START DATA RECORDS

definition row_energy :: "nat \<Rightarrow> (nat \<Rightarrow> nat \<Rightarrow> real) \<Rightarrow> (nat \<Rightarrow> real) \<Rightarrow> nat \<Rightarrow> real" where
  "row_energy n a v i = (\<Sum>j<n. a i j * (v j - (\<Sum>l<n. a i l * v l))^2)"

lemma weighted_variance_shift:
  fixes a v :: "nat \<Rightarrow> real"
  assumes "(\<Sum>j<n. a j) = 1"
  shows "(\<Sum>j<n. a j * (v j - (\<Sum>l<n. a l * v l))^2)
           = (\<Sum>j<n. a j * (v j - c)^2) - ((\<Sum>l<n. a l * v l) - c)^2"
proof -
  define y where "y = (\<Sum>l<n. a l * v l)"
  have "(\<Sum>j<n. a j * (v j - y)^2)
      = (\<Sum>j<n. a j * (v j - c)^2 - 2 * (y - c) * (a j * v j) + (2 * (y - c) * c + (y - c)^2) * a j)"
    by (rule sum.cong) (auto simp: power2_eq_square algebra_simps)
  also have "\<dots> = (\<Sum>j<n. a j * (v j - c)^2) - 2 * (y - c) * y + 2 * (y - c) * c + (y - c)^2"
    using assms by (simp add: sum.distrib sum_subtractf sum_distrib_left[symmetric] y_def)
  also have "\<dots> = (\<Sum>j<n. a j * (v j - c)^2) - (y - c)^2"
    by (simp add: power2_eq_square algebra_simps)
  finally show ?thesis by (simp add: y_def)
qed

lemma doubly_stochastic_sum_sq:
  assumes "doubly_stochastic n a"
  shows "(\<Sum>i<n. ((\<Sum>l<n. a i l * v l) - c)^2)
           = (\<Sum>i<n. (v i - c)^2) - (\<Sum>i<n. row_energy n a v i)"
proof -
  have rows: "\<And>i. i < n \<Longrightarrow> (\<Sum>j<n. a i j) = 1" and cols: "\<And>j. j < n \<Longrightarrow> (\<Sum>i<n. a i j) = 1"
    using assms unfolding doubly_stochastic_def by auto
  have "(\<Sum>i<n. row_energy n a v i)
      = (\<Sum>i<n. (\<Sum>j<n. a i j * (v j - c)^2) - ((\<Sum>l<n. a i l * v l) - c)^2)"
    unfolding row_energy_def by (rule sum.cong) (simp_all add: rows weighted_variance_shift)
  also have "\<dots> = (\<Sum>i<n. \<Sum>j<n. a i j * (v j - c)^2) - (\<Sum>i<n. ((\<Sum>l<n. a i l * v l) - c)^2)"
    by (simp add: sum_subtractf)
  also have "(\<Sum>i<n. \<Sum>j<n. a i j * (v j - c)^2) = (\<Sum>j<n. \<Sum>i<n. a i j * (v j - c)^2)"
    by (rule sum.swap)
  also have "(\<Sum>j<n. \<Sum>i<n. a i j * (v j - c)^2) = (\<Sum>j<n. (v j - c)^2)"
    by (rule sum.cong) (simp_all add: cols sum_distrib_right[symmetric])
  finally show ?thesis by simp
qed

END DATA RECORDS

Every entry above should be duplicated exactly.

definition row_energy :: "nat \<Rightarrow> (nat \<Rightarrow> nat \<Rightarrow> real) \<Rightarrow> (nat \<Rightarrow> real) \<Rightarrow> nat \<Rightarrow> real" where
  "row_energy n a v i = (\<Sum>j<n. a i j * (v j - (\<Sum>l<n. a i l * v l))^2)"

lemma weighted_variance_shift:
  fixes a v :: "nat \<Rightarrow> real"
  assumes "(\<Sum>j<n. a j) = 1"
  shows "(\<Sum>j<n. a j * (v j - (\<Sum>l<n. a l * v l))^2)
           = (\<Sum>j<n. a j * (v j - c)^2) - ((\<Sum>l<n. a l * v l) - c)^2"
proof -
  define y where "y = (\<Sum>l<n. a l * v l)"
  have "(\<Sum>j<n. a j * (v j - y)^2)
      = (\<Sum>j<n. a j * (v j - c)^2 - 2 * (y - c) * (a j * v j) + (2 * (y - c) * c + (y - c)^2) * a j)"
    by (rule sum.cong) (auto simp: power2_eq_square algebra_simps)
  also have "\<dots> = (\<Sum>j<n. a j * (v j - c)^2) - 2 * (y - c) * y + 2 * (y - c) * c + (y - c)^2"
    using assms by (simp add: sum.distrib sum_subtractf sum_distrib_left[symmetric] y_def)
  also have "\<dots> = (\<Sum>j<n. a j * (v j - c)^2) - (y - c)^2"
    by (simp add: power2_eq_square algebra_simps)
  finally show ?thesis by (simp add: y_def)
qed

lemma doubly_stochastic_sum_sq:
  assumes "doubly_stochastic n a"
  shows "(\<Sum>i<n. ((\<Sum>l<n. a i l * v l) - c)^2)
           = (\<Sum>i<n. (v i - c)^2) - (\<Sum>i<n. row_energy n a v i)"
proof -
  have rows: "\<And>i. i < n \<Longrightarrow> (\<Sum>j<n. a i j) = 1" and cols: "\<And>j. j < n \<Longrightarrow> (\<Sum>i<n. a i j) = 1"
    using assms unfolding doubly_stochastic_def by auto
  have "(\<Sum>i<n. row_energy n a v i)
      = (\<Sum>i<n. (\<Sum>j<n. a i j * (v j - c)^2) - ((\<Sum>l<n. a i l * v l) - c)^2)"
    unfolding row_energy_def by (rule sum.cong) (simp_all add: rows weighted_variance_shift)
  also have "\<dots> = (\<Sum>i<n. \<Sum>j<n. a i j * (v j - c)^2) - (\<Sum>i<n. ((\<Sum>l<n. a i l * v l) - c)^2)"
    by (simp add: sum_subtractf)
  also have "(\<Sum>i<n. \<Sum>j<n. a i j * (v j - c)^2) = (\<Sum>j<n. \<Sum>i<n. a i j * (v j - c)^2)"
    by (rule sum.swap)
  also have "(\<Sum>j<n. \<Sum>i<n. a i j * (v j - c)^2) = (\<Sum>j<n. (v j - c)^2)"
    by (rule sum.cong) (simp_all add: cols sum_distrib_right[symmetric])
  finally show ?thesis by simp
qed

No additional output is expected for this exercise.